(What the exercise asks) Going line by line through the entries below, note each one with "cases", then report how many there are and nothing else.

(Data section)
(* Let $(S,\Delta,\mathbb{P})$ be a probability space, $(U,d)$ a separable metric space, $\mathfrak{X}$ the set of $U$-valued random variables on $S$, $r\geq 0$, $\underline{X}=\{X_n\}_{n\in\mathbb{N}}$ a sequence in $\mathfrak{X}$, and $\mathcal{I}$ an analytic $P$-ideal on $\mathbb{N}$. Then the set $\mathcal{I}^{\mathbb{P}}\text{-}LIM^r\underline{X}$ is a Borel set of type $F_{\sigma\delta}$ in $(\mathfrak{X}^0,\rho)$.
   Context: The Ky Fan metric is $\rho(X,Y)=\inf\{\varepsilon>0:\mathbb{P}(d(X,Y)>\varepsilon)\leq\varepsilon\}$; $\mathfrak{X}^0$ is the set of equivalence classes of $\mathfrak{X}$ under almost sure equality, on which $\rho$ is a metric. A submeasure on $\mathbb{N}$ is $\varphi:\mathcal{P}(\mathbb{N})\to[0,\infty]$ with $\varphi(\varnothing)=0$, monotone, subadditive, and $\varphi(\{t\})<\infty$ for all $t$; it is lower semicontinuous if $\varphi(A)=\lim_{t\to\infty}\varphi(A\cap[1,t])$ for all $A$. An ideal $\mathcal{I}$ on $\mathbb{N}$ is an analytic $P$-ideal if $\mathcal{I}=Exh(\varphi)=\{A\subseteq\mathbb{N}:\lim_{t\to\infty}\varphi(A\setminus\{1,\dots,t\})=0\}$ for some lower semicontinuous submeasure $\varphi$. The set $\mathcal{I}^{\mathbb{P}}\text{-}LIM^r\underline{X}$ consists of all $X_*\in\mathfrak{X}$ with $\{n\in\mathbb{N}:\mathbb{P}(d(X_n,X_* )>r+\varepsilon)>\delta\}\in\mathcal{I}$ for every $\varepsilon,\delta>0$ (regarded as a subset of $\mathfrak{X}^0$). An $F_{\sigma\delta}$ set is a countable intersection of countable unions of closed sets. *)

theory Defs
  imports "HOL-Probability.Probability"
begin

--

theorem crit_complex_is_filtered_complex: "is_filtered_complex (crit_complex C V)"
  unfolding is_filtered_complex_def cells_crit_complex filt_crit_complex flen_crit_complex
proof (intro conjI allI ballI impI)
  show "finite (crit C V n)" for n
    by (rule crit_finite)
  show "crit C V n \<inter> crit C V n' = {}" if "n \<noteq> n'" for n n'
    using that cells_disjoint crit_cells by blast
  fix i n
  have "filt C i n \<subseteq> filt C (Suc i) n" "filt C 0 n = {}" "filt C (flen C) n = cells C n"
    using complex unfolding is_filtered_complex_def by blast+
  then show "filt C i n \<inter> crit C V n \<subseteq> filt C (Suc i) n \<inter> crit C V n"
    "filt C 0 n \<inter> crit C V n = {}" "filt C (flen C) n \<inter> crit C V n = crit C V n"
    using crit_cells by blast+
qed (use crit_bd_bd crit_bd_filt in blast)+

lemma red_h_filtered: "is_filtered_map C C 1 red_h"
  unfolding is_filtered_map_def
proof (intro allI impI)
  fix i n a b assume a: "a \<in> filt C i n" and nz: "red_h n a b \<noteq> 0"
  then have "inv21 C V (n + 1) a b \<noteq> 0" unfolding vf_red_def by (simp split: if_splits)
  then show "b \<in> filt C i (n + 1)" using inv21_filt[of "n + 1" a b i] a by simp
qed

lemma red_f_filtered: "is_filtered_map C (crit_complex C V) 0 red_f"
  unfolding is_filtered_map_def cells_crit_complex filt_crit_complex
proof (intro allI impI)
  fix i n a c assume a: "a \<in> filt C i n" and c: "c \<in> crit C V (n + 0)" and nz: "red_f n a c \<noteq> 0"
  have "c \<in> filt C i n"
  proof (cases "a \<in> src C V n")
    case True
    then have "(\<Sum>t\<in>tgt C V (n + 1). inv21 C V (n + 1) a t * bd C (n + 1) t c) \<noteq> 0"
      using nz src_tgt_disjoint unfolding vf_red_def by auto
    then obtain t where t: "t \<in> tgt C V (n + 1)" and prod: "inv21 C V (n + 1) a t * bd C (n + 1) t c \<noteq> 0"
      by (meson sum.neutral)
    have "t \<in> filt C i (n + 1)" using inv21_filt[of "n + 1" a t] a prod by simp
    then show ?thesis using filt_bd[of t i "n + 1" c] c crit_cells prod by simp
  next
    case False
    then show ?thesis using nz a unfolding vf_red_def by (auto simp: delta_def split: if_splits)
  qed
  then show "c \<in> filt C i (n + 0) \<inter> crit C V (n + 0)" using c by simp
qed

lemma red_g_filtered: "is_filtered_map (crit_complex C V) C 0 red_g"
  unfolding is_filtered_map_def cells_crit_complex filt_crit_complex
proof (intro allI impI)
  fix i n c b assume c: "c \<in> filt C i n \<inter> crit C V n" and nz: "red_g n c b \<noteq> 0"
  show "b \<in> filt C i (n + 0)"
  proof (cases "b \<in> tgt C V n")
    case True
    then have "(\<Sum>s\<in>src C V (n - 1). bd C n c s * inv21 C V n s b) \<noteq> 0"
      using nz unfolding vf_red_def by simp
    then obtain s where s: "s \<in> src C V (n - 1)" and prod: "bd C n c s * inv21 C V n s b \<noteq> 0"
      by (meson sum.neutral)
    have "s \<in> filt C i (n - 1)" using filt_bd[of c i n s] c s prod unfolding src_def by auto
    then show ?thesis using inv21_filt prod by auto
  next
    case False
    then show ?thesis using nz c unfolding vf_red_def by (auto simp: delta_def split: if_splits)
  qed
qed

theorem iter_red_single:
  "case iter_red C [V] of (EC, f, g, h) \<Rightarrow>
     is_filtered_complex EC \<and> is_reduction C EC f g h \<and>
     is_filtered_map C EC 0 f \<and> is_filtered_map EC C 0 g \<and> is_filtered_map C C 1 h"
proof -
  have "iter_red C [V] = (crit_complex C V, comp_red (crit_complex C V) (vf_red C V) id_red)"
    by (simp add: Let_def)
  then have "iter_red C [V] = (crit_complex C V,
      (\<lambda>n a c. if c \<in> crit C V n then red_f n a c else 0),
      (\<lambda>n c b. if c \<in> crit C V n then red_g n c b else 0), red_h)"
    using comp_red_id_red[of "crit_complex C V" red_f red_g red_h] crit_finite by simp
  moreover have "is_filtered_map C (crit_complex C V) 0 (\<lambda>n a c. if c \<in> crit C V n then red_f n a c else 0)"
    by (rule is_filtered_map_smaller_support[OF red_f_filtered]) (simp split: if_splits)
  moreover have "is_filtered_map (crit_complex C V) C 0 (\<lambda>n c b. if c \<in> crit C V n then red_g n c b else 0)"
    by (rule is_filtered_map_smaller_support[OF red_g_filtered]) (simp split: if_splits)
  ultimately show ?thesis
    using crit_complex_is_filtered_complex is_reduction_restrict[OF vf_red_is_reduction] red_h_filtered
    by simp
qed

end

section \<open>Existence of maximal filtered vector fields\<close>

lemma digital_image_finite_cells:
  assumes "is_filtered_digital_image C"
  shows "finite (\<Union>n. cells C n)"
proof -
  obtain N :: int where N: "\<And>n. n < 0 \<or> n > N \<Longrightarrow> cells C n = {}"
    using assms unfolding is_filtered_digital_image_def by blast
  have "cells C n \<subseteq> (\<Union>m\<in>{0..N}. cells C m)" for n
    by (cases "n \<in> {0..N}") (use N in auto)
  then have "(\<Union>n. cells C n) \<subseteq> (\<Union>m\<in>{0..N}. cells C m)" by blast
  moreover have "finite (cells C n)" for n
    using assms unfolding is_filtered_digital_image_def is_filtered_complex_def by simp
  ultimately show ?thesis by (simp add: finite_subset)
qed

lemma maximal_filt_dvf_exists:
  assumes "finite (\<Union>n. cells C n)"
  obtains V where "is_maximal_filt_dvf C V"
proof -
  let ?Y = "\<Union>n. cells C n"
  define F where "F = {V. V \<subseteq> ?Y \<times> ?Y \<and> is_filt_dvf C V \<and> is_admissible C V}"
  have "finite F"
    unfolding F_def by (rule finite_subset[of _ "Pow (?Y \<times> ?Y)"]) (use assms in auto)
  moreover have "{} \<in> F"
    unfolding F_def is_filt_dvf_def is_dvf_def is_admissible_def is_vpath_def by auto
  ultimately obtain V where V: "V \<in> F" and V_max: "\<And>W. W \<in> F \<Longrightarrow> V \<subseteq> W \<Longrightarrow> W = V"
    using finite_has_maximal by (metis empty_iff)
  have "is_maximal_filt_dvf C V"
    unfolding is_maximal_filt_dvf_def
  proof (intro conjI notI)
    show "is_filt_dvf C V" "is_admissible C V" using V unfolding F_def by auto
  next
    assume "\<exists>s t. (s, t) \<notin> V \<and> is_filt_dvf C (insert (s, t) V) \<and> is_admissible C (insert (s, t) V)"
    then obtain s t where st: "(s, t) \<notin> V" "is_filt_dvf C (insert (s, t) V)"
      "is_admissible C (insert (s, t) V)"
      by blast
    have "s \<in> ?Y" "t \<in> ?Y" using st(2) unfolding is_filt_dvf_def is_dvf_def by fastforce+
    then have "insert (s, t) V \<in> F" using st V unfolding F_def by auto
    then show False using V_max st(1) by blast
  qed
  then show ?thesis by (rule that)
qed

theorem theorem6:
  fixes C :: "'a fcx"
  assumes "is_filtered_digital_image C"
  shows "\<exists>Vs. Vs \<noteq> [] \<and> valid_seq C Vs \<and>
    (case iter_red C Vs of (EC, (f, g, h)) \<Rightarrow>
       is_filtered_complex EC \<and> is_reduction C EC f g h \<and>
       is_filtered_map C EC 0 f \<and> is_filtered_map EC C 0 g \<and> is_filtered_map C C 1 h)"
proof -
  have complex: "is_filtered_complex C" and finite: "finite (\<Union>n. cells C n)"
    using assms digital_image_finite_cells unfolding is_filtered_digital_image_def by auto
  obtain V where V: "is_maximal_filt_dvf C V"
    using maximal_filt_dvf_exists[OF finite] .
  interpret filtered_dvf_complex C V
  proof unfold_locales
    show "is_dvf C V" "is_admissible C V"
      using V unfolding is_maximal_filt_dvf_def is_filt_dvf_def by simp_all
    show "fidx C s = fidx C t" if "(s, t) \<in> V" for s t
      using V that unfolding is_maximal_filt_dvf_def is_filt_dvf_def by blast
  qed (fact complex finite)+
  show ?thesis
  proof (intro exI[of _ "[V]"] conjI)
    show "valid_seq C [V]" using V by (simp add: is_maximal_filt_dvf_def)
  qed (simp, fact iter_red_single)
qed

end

(Answer space) 3